(* Let $\mathscr Q_n$ be a non-singular quadric in $\mathrm{PG}(n,q)$ of projective index $g$ with point-graph $\Gamma$, let $0\le s<g$, let $\alpha_s$ be an $s$-dimensional subspace contained in $\mathscr Q_n$, and let $\Gamma^*$ be the subgraph of $\Gamma$ induced on the set $\mathcal X_s$ of type (ii) points. Then $\Gamma^*$ is regular of degree $k$, where: (1) if $\mathscr Q_n=\mathcal E_{2r+1}$, $k=(q^{s+1}-1)+\dfrac{q^{s+2}(q^{r-s-1}+1)(q^{r-s-2}-1)}{q-1}$; (2) if $\mathscr Q_n=\mathcal H_{2r+1}$, $k=(q^{s+1}-1)+\dfrac{q^{s+2}(q^{r-s-2}+1)(q^{r-s-1}-1)}{q-1}$; (3) if $\mathscr Q_n=\mathcal P_{2r}$, $k=(q^{s+1}-1)+\dfrac{q^{s+2}(q^{r-s-2}+1)(q^{r-s-2}-1)}{q-1}$.
   Context: A non-singular quadric $\mathscr Q_n$ in $\mathrm{PG}(n,q)$ is the point set of a non-degenerate quadric; its projective index $g$ is the largest dimension of a projective subspace contained in $\mathscr Q_n$. If $n=2r$, $\mathscr Q_n$ is the parabolic quadric $\mathcal P_{2r}$ ($g=r-1$); if $n=2r+1$, it is the elliptic quadric $\mathcal E_{2r+1}$ ($g=r-1$) or the hyperbolic quadric $\mathcal H_{2r+1}$ ($g=r$). The point-graph $\Gamma$ has vertex set the points of $\mathscr Q_n$, two distinct points adjacent iff the line joining them is contained in $\mathscr Q_n$. A point $X$ of $\mathscr Q_n$ is of type (ii) with respect to $\alpha_s$ if $X\notin\alpha_s$ and the $(s+1)$-space $\langle\alpha_s,X\rangle$ is contained in $\mathscr Q_n$. *)

theory Defs
  imports Complex_Main
begin

text \<open>Vectors of V(n+1,q) are functions nat => 'a vanishing outside {0..n};
  'a is a finite field GF(q).\<close>

definition vecs :: "nat \<Rightarrow> (nat \<Rightarrow> 'a::field) set" where
  "vecs n = {x. \<forall>i>n. x i = 0}"

definition pt :: "(nat \<Rightarrow> 'a::field) \<Rightarrow> (nat \<Rightarrow> 'a) set" where
  "pt v = {(\<lambda>i. c * v i) | c. c \<noteq> 0}"

definition points :: "nat \<Rightarrow> (nat \<Rightarrow> 'a::field) set set" where
  "points n = {pt v | v. v \<in> vecs n \<and> v \<noteq> (\<lambda>i. 0)}"

definition indep :: "(nat \<Rightarrow> nat \<Rightarrow> 'a::field) \<Rightarrow> nat \<Rightarrow> bool" where
  "indep b k = (\<forall>c. (\<lambda>i. \<Sum>j<k. c j * b j i) = (\<lambda>i. 0) \<longrightarrow> (\<forall>j<k. c j = 0))"

definition vspan :: "(nat \<Rightarrow> 'a::field) set \<Rightarrow> (nat \<Rightarrow> 'a) set" where
  "vspan A = {(\<lambda>i. \<Sum>a\<in>F. c a * a i) | F c. finite F \<and> F \<subseteq> A}"

definition join :: "(nat \<Rightarrow> 'a::field) set set \<Rightarrow> (nat \<Rightarrow> 'a) set set" where
  "join S = {pt v | v. v \<in> vspan (\<Union>S) \<and> v \<noteq> (\<lambda>i. 0)}"

definition is_subspace :: "nat \<Rightarrow> nat \<Rightarrow> (nat \<Rightarrow> 'a::field) set set \<Rightarrow> bool" where
  "is_subspace n d S = (\<exists>b. (\<forall>j<d+1. b j \<in> vecs n) \<and> indep b (d+1) \<and>
      S = {pt v | v. v \<in> vspan (b ` {..<d+1}) \<and> v \<noteq> (\<lambda>i. 0)})"

definition lin_map :: "nat \<Rightarrow> (nat \<Rightarrow> nat \<Rightarrow> 'a::field) \<Rightarrow> (nat \<Rightarrow> 'a) \<Rightarrow> (nat \<Rightarrow> 'a)" where
  "lin_map n M x = (\<lambda>i. if i \<le> n then (\<Sum>j\<le>n. M i j * x j) else 0)"

definition hyp_form :: "nat \<Rightarrow> (nat \<Rightarrow> 'a::field) \<Rightarrow> 'a" where
  "hyp_form r x = (\<Sum>i<r+1. x (2*i) * x (2*i+1))"

definition par_form :: "nat \<Rightarrow> (nat \<Rightarrow> 'a::field) \<Rightarrow> 'a" where
  "par_form r x = x 0 ^ 2 + (\<Sum>i<r. x (2*i+1) * x (2*i+2))"

definition ell_form :: "nat \<Rightarrow> 'a \<Rightarrow> 'a \<Rightarrow> (nat \<Rightarrow> 'a::field) \<Rightarrow> 'a" where
  "ell_form r d e x = (\<Sum>i<r. x (2*i) * x (2*i+1))
      + (x (2*r) ^ 2 + d * x (2*r) * x (2*r+1) + e * x (2*r+1) ^ 2)"

datatype qtype = Elliptic | Hyperbolic | Parabolic

definition zero_set :: "nat \<Rightarrow> ((nat \<Rightarrow> 'a::field) \<Rightarrow> 'a) \<Rightarrow> (nat \<Rightarrow> 'a) set set" where
  "zero_set n Q = {pt v | v. v \<in> vecs n \<and> v \<noteq> (\<lambda>i. 0) \<and> Q v = 0}"

definition is_quadric :: "qtype \<Rightarrow> nat \<Rightarrow> nat \<Rightarrow> (nat \<Rightarrow> 'a::field) set set \<Rightarrow> bool" where
  "is_quadric T n r QS = (\<exists>M. bij_betw (lin_map n M) (vecs n) (vecs n) \<and>
     (case T of
        Elliptic \<Rightarrow> n = 2*r+1 \<and> (\<exists>d e. (\<forall>t::'a. t^2 + d*t + e \<noteq> 0) \<and>
                        QS = zero_set n (\<lambda>v. ell_form r d e (lin_map n M v)))
      | Hyperbolic \<Rightarrow> n = 2*r+1 \<and> QS = zero_set n (\<lambda>v. hyp_form r (lin_map n M v))
      | Parabolic \<Rightarrow> n = 2*r \<and> r \<ge> 1 \<and> QS = zero_set n (\<lambda>v. par_form r (lin_map n M v))))"

definition proj_index :: "nat \<Rightarrow> (nat \<Rightarrow> 'a::field) set set \<Rightarrow> int" where
  "proj_index n QS = (GREATEST d::int. d = -1 \<or>
      (d \<ge> 0 \<and> (\<exists>S. is_subspace n (nat d) S \<and> S \<subseteq> QS)))"

definition adj :: "(nat \<Rightarrow> 'a::field) set set \<Rightarrow> (nat \<Rightarrow> 'a) set \<Rightarrow> (nat \<Rightarrow> 'a) set \<Rightarrow> bool" where
  "adj QS X Y = (X \<in> QS \<and> Y \<in> QS \<and> X \<noteq> Y \<and> join {X, Y} \<subseteq> QS)"

definition type2 :: "nat \<Rightarrow> (nat \<Rightarrow> 'a::field) set set \<Rightarrow> (nat \<Rightarrow> 'a) set set \<Rightarrow> (nat \<Rightarrow> 'a) set set" where
  "type2 n QS alpha = {X \<in> points n. X \<notin> alpha \<and> join (insert X alpha) \<subseteq> QS}"

definition deg :: "qtype \<Rightarrow> real \<Rightarrow> nat \<Rightarrow> nat \<Rightarrow> real" where
  "deg T q r s = (let e = int r - int s;
      (a, b) = (case T of Elliptic \<Rightarrow> (e - 1, e - 2)
                         | Hyperbolic \<Rightarrow> (e - 2, e - 1)
                         | Parabolic \<Rightarrow> (e - 2, e - 2))
     in (q^(s+1) - 1) + q^(s+2) * (q powi a + 1) * (q powi b - 1) / (q - 1))"

end

theory Submission
  imports Defs "HOL-Library.Function_Algebras" "HOL-Library.FuncSet"
begin
(* If $f,g:\mathbb{R}^{N}\rightarrow [0,\infty ]$ are Borel measurable, then $$\int_{\mathbb{R}^{N}}f\barwedge g\leq 2^{N-1}\left(\int_{\mathbb{R}^{N}}\hat{f}+\int_{\mathbb{R}^{N}}\hat{g}\right).$$
   Context: $(f\barwedge g)(x):=\sup_{y}\min\{f(x-y),g(y)\}$. Enclosing balls: for nonempty bounded $X\subset\mathbb{R}^N$, $\overline{B}_X$ is the unique closed ball of minimal diameter containing $X$; $\overline{B}_X:=\mathbb{R}^N$ if $X$ unbounded; $\overline{B}_\emptyset:=\{0\}$. For $f:\mathbb{R}^N\to[-\infty,\infty]$ and $\xi\in[-\infty,\infty]$, $\rho^+_f(\xi)\in[0,\infty]$ is the radius of $\overline{B}_{\{f>\xi\}}$, $\gamma^+_f(t):=\inf\{\xi:\rho^+_f(\xi)\le t\}$ for $t\in[0,\infty)$, and $\hat f(x):=\gamma^+_f(|x|)$ (a measurable function). *)

theory Defs
  imports "HOL-Analysis.Analysis"
begin

definition supmin_conv :: "('a::euclidean_space \<Rightarrow> ennreal) \<Rightarrow> ('a \<Rightarrow> ennreal) \<Rightarrow> 'a \<Rightarrow> ennreal" where
  "supmin_conv f g x = (SUP y. min (f (x - y)) (g y))"

definition enc_radius :: "'a::euclidean_space set \<Rightarrow> ennreal" where
  "enc_radius X = (if X = {} then 0
                   else if bounded X then ennreal (Inf {r. \<exists>c. X \<subseteq> cball c r})
                   else \<infinity>)"

definition rho_plus :: "('a::euclidean_space \<Rightarrow> ereal) \<Rightarrow> ereal \<Rightarrow> ennreal" where
  "rho_plus f \<xi> = enc_radius {x. f x > \<xi>}"

definition gamma_plus :: "('a::euclidean_space \<Rightarrow> ereal) \<Rightarrow> real \<Rightarrow> ereal" where
  "gamma_plus f t = Inf {\<xi>. rho_plus f \<xi> \<le> ennreal t}"

definition hat :: "('a::euclidean_space \<Rightarrow> ereal) \<Rightarrow> 'a \<Rightarrow> ereal" where
  "hat f x = gamma_plus f (norm x)"

end

theory Submission
  imports Defs
begin

text \<open>
  By the layer-cake formula it suffices to compare level sets. If (f barwedge g)(x) > t, then x
  lies in the Minkowski sum of {f > t} and {g > t}, whose enclosing radius is at most
  rho_f(t) + rho_g(t); hence its measure is at most
  w_N (rho_f(t) + rho_g(t))^N <= 2^(N-1) w_N (rho_f(t)^N + rho_g(t)^N) by convexity of r^N,
  where w_N is the volume of the unit ball. Conversely hat f >= t on the ball of radius rho_f(t),
  so w_N rho_f(t)^N is at most the measure of a level set of hat f; the gap between >= and > is
  closed by continuity of measure from below. Since f barwedge g need not be measurable, the
  estimate is applied to the simple functions below it.
\<close>

lemma borel_measurable_antimono:
  fixes \<phi> :: "real \<Rightarrow> 'b::{linorder_topology, second_countable_topology}"
  assumes "\<And>a b. a \<le> b \<Longrightarrow> \<phi> b \<le> \<phi> a"
  shows "\<phi> \<in> borel_measurable borel"
proof (rule borel_measurableI_greater)
  fix y
  have "is_interval {x. y < \<phi> x}"
    unfolding is_interval_1 using assms by (blast intro: less_le_trans)
  then show "{x \<in> space borel. y < \<phi> x} \<in> sets borel"
    using real_interval_borel_measurable by simp
qed

lemma power_add_le_two_power:
  fixes a b :: "'a::linordered_idom"
  assumes "0 \<le> a" "0 \<le> b" "n \<ge> 1"
  shows "(a + b) ^ n \<le> 2 ^ (n - 1) * (a ^ n + b ^ n)"
  using assms(3)
proof (induction n rule: dec_induct)
  case (step n)
  have "0 \<le> (a - b) * (a ^ n - b ^ n)"
    using assms power_mono[of a b n] power_mono[of b a n]
    by (cases "a \<le> b") (auto intro: mult_nonpos_nonpos)
  then have rearrangement: "a * b ^ n + b * a ^ n \<le> a ^ Suc n + b ^ Suc n"
    by (simp add: algebra_simps)
  have "(a + b) ^ Suc n \<le> (a + b) * (2 ^ (n - 1) * (a ^ n + b ^ n))"
    using step assms by (simp add: mult_left_mono)
  also have "\<dots> = 2 ^ (n - 1) * ((a + b) * (a ^ n + b ^ n))"
    by (simp add: algebra_simps)
  also have "\<dots> \<le> 2 ^ (n - 1) * (2 * (a ^ Suc n + b ^ Suc n))"
    using rearrangement by (intro mult_left_mono) (auto simp: algebra_simps)
  also have "\<dots> = 2 ^ (Suc n - 1) * (a ^ Suc n + b ^ Suc n)"
    using step(1) by (cases n) auto
  finally show ?case .
qed simp

lemma ennreal_power_add_le_two_power:
  fixes a b :: ennreal
  assumes "n \<ge> 1"
  shows "(a + b) ^ n \<le> 2 ^ (n - 1) * (a ^ n + b ^ n)"
proof (cases "a = \<infinity> \<or> b = \<infinity>")
  case True
  then show ?thesis using assms by (auto simp: power_eq_top_ennreal ennreal_mult_top)
next
  case False
  then obtain a' b' where "a = ennreal a'" "b = ennreal b'" "0 \<le> a'" "0 \<le> b'"
    by (cases a rule: ennreal_cases; cases b rule: ennreal_cases) auto
  then have "(a + b) ^ n = ennreal ((a' + b') ^ n)"
    by (metis ennreal_plus ennreal_power add_nonneg_nonneg)
  moreover have "2 ^ (n - 1) * (a ^ n + b ^ n) = ennreal (2 ^ (n - 1) * (a' ^ n + b' ^ n))"
    using \<open>a = ennreal a'\<close> \<open>b = ennreal b'\<close> \<open>0 \<le> a'\<close> \<open>0 \<le> b'\<close>
    by (simp add: ennreal_power[symmetric] ennreal_mult)
  ultimately show ?thesis
    using power_add_le_two_power[of a' b' n] assms \<open>0 \<le> a'\<close> \<open>0 \<le> b'\<close>
    by (simp del: ennreal_plus add: ennreal_leI)
qed

subsection \<open>Layer-cake representation\<close>

lemma emeasure_lborel_nonneg_less:
  "emeasure lborel {t::real. 0 \<le> t \<and> ennreal t < c} = c"
proof (cases c)
  case (real a)
  then have "{t::real. 0 \<le> t \<and> ennreal t < c} = {0..<a}"
    by (auto simp: ennreal_less_iff)
  then show ?thesis using real by simp
next
  case top
  have "of_nat n \<le> emeasure lborel {0::real..}" for n
    using emeasure_mono[of "{0..real n}" "{0::real..}" lborel]
    by (simp add: ennreal_of_nat_eq_real_of_nat)
  then have "(SUP n. of_nat n) \<le> emeasure lborel {0::real..}"
    by (intro SUP_least)
  then have "emeasure lborel {0::real..} = \<infinity>"
    by (simp add: ennreal_SUP_of_nat_eq_top top_unique)
  moreover have "{t::real. 0 \<le> t \<and> ennreal t < c} = {0..}"
    using top by auto
  ultimately show ?thesis using top by simp
qed

lemma nn_integral_layer_cake:
  assumes "sigma_finite_measure M" and [measurable]: "h \<in> borel_measurable M"
  shows "(\<integral>\<^sup>+ x. h x \<partial>M) =
    (\<integral>\<^sup>+ t. indicator {0..} t * emeasure M {x \<in> space M. ennreal t < h x} \<partial>lborel)"
proof -
  interpret pair_sigma_finite M lborel
    using assms(1) by (simp add: pair_sigma_finite_def lborel.sigma_finite_measure_axioms)
  define S where "S = {p \<in> space (M \<Otimes>\<^sub>M lborel). 0 \<le> snd p \<and> ennreal (snd p) < h (fst p)}"
  have "Measurable.pred (M \<Otimes>\<^sub>M lborel) (\<lambda>p. 0 \<le> snd p \<and> ennreal (snd p) < h (fst p))"
    by measurable
  then have [measurable]: "S \<in> sets (M \<Otimes>\<^sub>M lborel)"
    unfolding S_def pred_def by simp
  have "(\<integral>\<^sup>+ x. h x \<partial>M) = (\<integral>\<^sup>+ x. (\<integral>\<^sup>+ t. indicator S (x, t) \<partial>lborel) \<partial>M)"
  proof (rule nn_integral_cong)
    fix x assume "x \<in> space M"
    then have "(\<lambda>t. indicator S (x, t) :: ennreal) = indicator {t. 0 \<le> t \<and> ennreal t < h x}"
      by (auto simp: S_def indicator_def space_pair_measure)
    then show "h x = (\<integral>\<^sup>+ t. indicator S (x, t) \<partial>lborel)"
      by (simp add: emeasure_lborel_nonneg_less)
  qed
  also have "\<dots> = (\<integral>\<^sup>+ t. (\<integral>\<^sup>+ x. indicator S (x, t) \<partial>M) \<partial>lborel)"
    by (rule Fubini'[symmetric]) measurable
  also have "\<dots> = (\<integral>\<^sup>+ t. indicator {0..} t * emeasure M {x \<in> space M. ennreal t < h x} \<partial>lborel)"
  proof (rule nn_integral_cong)
    fix t :: real
    have "(\<lambda>x. indicator S (x, t) :: ennreal)
        = (\<lambda>x. indicator {0..} t * indicator {x \<in> space M. ennreal t < h x} x)"
      by (auto simp: S_def indicator_def space_pair_measure)
    then show "(\<integral>\<^sup>+ x. indicator S (x, t) \<partial>M)
        = indicator {0..} t * emeasure M {x \<in> space M. ennreal t < h x}"
      by (simp add: nn_integral_cmult_indicator)
  qed
  finally show ?thesis .
qed

lemma borel_measurable_emeasure_level:
  assumes [measurable]: "h \<in> borel_measurable M"
  shows "(\<lambda>t. emeasure M {x \<in> space M. ennreal t < h x}) \<in> borel_measurable borel"
  by (rule borel_measurable_antimono, rule emeasure_mono)
     (auto intro: le_less_trans ennreal_leI)

lemma nn_integral_le_of_level_sets:
  assumes M: "sigma_finite_measure M"
    and [measurable]: "s \<in> borel_measurable M" "h1 \<in> borel_measurable M" "h2 \<in> borel_measurable M"
    and level: "\<And>t. 0 \<le> t \<Longrightarrow> emeasure M {x \<in> space M. ennreal t < s x}
      \<le> c * (emeasure M {x \<in> space M. ennreal t < h1 x} + emeasure M {x \<in> space M. ennreal t < h2 x})"
  shows "(\<integral>\<^sup>+ x. s x \<partial>M) \<le> c * ((\<integral>\<^sup>+ x. h1 x \<partial>M) + (\<integral>\<^sup>+ x. h2 x \<partial>M))"
proof -
  define L where "L h t = indicator {0..} t * emeasure M {x \<in> space M. ennreal t < h x}"
    for h :: "'a \<Rightarrow> ennreal" and t :: real
  have [measurable]: "L h \<in> borel_measurable borel" if "h \<in> borel_measurable M" for h
    using borel_measurable_emeasure_level[OF that] unfolding L_def by measurable
  have "(\<integral>\<^sup>+ x. s x \<partial>M) = (\<integral>\<^sup>+ t. L s t \<partial>lborel)"
    unfolding L_def by (rule nn_integral_layer_cake[OF M]) measurable
  also have "\<dots> \<le> (\<integral>\<^sup>+ t. c * (L h1 t + L h2 t) \<partial>lborel)"
    using level by (intro nn_integral_mono) (auto simp: L_def indicator_def)
  also have "\<dots> = c * ((\<integral>\<^sup>+ t. L h1 t \<partial>lborel) + (\<integral>\<^sup>+ t. L h2 t \<partial>lborel))"
    by (simp add: nn_integral_cmult nn_integral_add)
  also have "\<dots> = c * ((\<integral>\<^sup>+ x. h1 x \<partial>M) + (\<integral>\<^sup>+ x. h2 x \<partial>M))"
    unfolding L_def using M by (simp add: nn_integral_layer_cake)
  finally show ?thesis .
qed

lemma emeasure_level_le_of_greater:
  assumes [measurable]: "s \<in> borel_measurable M" and "0 \<le> t"
    and greater: "\<And>t'. t < t' \<Longrightarrow> emeasure M {x \<in> space M. ennreal t' < s x} \<le> c"
  shows "emeasure M {x \<in> space M. ennreal t < s x} \<le> c"
proof -
  define A where "A n = {x \<in> space M. ennreal (t + inverse (Suc n)) < s x}" for n
  have "incseq A"
  proof (rule incseq_SucI)
    fix n
    have "ennreal (t + inverse (Suc (Suc n))) \<le> ennreal (t + inverse (Suc n))"
      by (intro ennreal_leI add_left_mono le_imp_inverse_le) auto
    then show "A n \<subseteq> A (Suc n)" unfolding A_def by (auto intro: le_less_trans)
  qed
  moreover have "{x \<in> space M. ennreal t < s x} = (\<Union>n. A n)"
  proof (intro set_eqI iffI)
    fix x assume "x \<in> {x \<in> space M. ennreal t < s x}"
    then obtain z where z: "x \<in> space M" "ennreal t < z" "z < s x"
      using dense by blast
    then obtain r where r: "z = ennreal r" "t < r"
      using \<open>0 \<le> t\<close> by (cases z rule: ennreal_cases) (auto simp: ennreal_less_iff)
    then obtain n where "inverse (Suc n) < r - t"
      using reals_Archimedean[of "r - t"] by auto
    then have "ennreal (t + inverse (Suc n)) < ennreal r"
      using \<open>0 \<le> t\<close> \<open>t < r\<close> by (intro ennreal_lessI) auto
    then have "ennreal (t + inverse (Suc n)) < s x"
      using z r by (metis less_trans)
    then show "x \<in> (\<Union>n. A n)" using z unfolding A_def by blast
  next
    fix x assume "x \<in> (\<Union>n. A n)"
    then obtain n where "x \<in> space M" "ennreal (t + inverse (Suc n)) < s x"
      unfolding A_def by blast
    moreover have "ennreal t \<le> ennreal (t + inverse (Suc n))"
      by (intro ennreal_leI) simp
    ultimately show "x \<in> {x \<in> space M. ennreal t < s x}"
      using le_less_trans by blast
  qed
  moreover have "A n \<in> sets M" for n
    unfolding A_def by measurable
  ultimately have "emeasure M {x \<in> space M. ennreal t < s x} = (SUP n. emeasure M (A n))"
    by (simp add: SUP_emeasure_incseq image_subset_iff)
  also have "\<dots> \<le> c"
    unfolding A_def by (intro SUP_least greater) simp
  finally show ?thesis .
qed

subsection \<open>Enclosing radii\<close>

lemma nonempty_subset_cball_radius_nonneg:
  fixes X :: "'a::metric_space set"
  assumes "X \<noteq> {}" "X \<subseteq> cball c r"
  shows "0 \<le> r"
  using assms by (metis cball_eq_empty not_less subset_empty)

lemma enc_radius_empty [simp]: "enc_radius {} = 0"
  by (simp add: enc_radius_def)

lemma enc_radius_le_cball:
  fixes X :: "'a::euclidean_space set"
  assumes "X \<subseteq> cball c r"
  shows "enc_radius X \<le> ennreal r"
proof (cases "X = {}")
  case False
  have "bdd_below {r. \<exists>c. X \<subseteq> cball c r}"
    using nonempty_subset_cball_radius_nonneg[OF False] by (intro bdd_belowI) blast
  moreover have "bounded X"
    using assms bounded_cball bounded_subset by blast
  ultimately have "Inf {r. \<exists>c. X \<subseteq> cball c r} \<le> r"
    using assms by (intro cInf_lower) blast+
  then show ?thesis
    using False \<open>bounded X\<close> by (simp add: enc_radius_def ennreal_leI)
qed (simp add: enc_radius_def)

lemma enc_radius_le_of_cball_covers:
  fixes X :: "'a::euclidean_space set"
  assumes "\<And>e. e > 0 \<Longrightarrow> \<exists>c. X \<subseteq> cball c (r + e)" and "0 \<le> r"
  shows "enc_radius X \<le> ennreal r"
proof (rule ennreal_le_epsilon)
  fix e :: real assume "0 < e"
  then obtain c where "X \<subseteq> cball c (r + e)" using assms(1) by blast
  then have "enc_radius X \<le> ennreal (r + e)" by (rule enc_radius_le_cball)
  then show "enc_radius X \<le> ennreal r + ennreal e" using \<open>0 < e\<close> assms(2) by simp
qed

================================

__Activity__: If a line in the material above contains the word "symmetric", copy it.

__Worked solution__:
    by (simp add: ennreal_power[symmetric] ennreal_mult)
    by (rule Fubini'[symmetric]) measurable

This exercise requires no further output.